ACTION ITEM: Look through the data below for the line with "functions that never" and the line with "ereal) \<Rightarrow> 'a", then output those two and all lines in between, exactly as written.

Dataset entries:
********
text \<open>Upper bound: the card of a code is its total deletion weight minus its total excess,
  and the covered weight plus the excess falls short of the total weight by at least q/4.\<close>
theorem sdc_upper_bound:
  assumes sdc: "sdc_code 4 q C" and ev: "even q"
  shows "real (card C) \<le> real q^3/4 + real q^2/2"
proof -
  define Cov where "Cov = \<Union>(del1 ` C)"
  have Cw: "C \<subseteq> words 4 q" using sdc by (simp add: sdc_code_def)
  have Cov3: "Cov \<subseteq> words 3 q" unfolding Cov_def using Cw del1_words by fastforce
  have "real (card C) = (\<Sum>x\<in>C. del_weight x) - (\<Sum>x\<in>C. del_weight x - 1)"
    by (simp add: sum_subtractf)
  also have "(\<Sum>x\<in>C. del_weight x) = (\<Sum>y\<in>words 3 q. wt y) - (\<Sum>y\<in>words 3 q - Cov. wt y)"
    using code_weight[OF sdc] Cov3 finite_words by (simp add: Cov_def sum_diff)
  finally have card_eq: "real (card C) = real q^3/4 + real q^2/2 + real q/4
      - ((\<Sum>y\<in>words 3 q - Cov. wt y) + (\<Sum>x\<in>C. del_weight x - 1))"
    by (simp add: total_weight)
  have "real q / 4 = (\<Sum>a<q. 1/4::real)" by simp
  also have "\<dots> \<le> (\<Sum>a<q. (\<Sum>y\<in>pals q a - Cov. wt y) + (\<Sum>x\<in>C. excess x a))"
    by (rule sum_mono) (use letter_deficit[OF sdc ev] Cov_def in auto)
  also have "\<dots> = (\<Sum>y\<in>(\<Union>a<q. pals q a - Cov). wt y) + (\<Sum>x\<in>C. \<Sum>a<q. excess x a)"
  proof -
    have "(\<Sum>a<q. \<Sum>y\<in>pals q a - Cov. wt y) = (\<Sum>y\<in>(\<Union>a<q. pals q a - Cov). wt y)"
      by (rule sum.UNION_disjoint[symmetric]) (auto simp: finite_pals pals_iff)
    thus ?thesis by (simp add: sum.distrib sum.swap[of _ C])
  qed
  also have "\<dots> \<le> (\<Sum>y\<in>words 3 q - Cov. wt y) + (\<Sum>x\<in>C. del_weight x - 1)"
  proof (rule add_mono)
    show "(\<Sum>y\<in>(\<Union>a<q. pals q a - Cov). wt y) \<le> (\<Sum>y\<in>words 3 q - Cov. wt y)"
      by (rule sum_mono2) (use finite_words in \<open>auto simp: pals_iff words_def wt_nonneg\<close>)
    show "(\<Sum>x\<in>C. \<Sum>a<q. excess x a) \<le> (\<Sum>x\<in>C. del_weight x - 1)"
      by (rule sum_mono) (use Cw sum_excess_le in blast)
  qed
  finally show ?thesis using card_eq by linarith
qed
********
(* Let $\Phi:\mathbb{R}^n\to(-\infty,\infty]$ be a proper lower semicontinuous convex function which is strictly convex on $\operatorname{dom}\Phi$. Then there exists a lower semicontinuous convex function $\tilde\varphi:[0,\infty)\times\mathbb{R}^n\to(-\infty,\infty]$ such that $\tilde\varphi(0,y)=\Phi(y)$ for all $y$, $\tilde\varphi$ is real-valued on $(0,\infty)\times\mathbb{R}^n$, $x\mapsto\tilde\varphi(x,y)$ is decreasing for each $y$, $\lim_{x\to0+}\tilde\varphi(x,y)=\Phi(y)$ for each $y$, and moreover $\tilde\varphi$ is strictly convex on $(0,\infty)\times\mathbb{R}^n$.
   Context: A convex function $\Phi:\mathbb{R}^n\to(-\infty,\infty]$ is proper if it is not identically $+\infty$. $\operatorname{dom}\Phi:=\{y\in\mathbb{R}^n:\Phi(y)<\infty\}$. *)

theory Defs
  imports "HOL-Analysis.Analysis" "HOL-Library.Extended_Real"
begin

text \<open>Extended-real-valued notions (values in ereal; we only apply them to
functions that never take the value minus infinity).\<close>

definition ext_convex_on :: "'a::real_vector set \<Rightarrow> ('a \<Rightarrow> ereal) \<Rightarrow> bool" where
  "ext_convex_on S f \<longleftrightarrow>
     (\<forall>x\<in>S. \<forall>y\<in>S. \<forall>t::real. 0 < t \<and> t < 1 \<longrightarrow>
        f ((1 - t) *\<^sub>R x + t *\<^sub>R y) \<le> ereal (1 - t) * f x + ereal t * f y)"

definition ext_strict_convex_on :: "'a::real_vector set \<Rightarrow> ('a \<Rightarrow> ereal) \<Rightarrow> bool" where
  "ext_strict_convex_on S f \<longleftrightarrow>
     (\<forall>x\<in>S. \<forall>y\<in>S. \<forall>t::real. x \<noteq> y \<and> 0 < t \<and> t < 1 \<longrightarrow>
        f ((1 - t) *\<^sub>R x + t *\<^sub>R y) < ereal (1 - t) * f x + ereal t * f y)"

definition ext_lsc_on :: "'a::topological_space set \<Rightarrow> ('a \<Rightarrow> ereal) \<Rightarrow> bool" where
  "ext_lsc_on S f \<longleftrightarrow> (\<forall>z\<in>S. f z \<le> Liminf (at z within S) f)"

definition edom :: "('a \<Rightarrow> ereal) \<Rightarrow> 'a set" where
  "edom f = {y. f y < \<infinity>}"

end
********
RESPONSE TO THE EXERCISE:
functions that never take the value minus infinity).\<close>

definition ext_convex_on :: "'a::real_vector set \<Rightarrow> ('a \<Rightarrow> ereal) \<Rightarrow> bool" where
  "ext_convex_on S f \<longleftrightarrow>
     (\<forall>x\<in>S. \<forall>y\<in>S. \<forall>t::real. 0 < t \<and> t < 1 \<longrightarrow>
        f ((1 - t) *\<^sub>R x + t *\<^sub>R y) \<le> ereal (1 - t) * f x + ereal t * f y)"

definition ext_strict_convex_on :: "'a::real_vector set \<Rightarrow> ('a \<Rightarrow> ereal) \<Rightarrow> bool" where
  "ext_strict_convex_on S f \<longleftrightarrow>
     (\<forall>x\<in>S. \<forall>y\<in>S. \<forall>t::real. x \<noteq> y \<and> 0 < t \<and> t < 1 \<longrightarrow>
        f ((1 - t) *\<^sub>R x + t *\<^sub>R y) < ereal (1 - t) * f x + ereal t * f y)"

definition ext_lsc_on :: "'a::topological_space set \<Rightarrow> ('a \<Rightarrow> ereal) \<Rightarrow> bool" where
  "ext_lsc_on S f \<longleftrightarrow> (\<forall>z\<in>S. f z \<le> Liminf (at z within S) f)"

definition edom :: "('a \<Rightarrow> ereal) \<Rightarrow> 'a set" where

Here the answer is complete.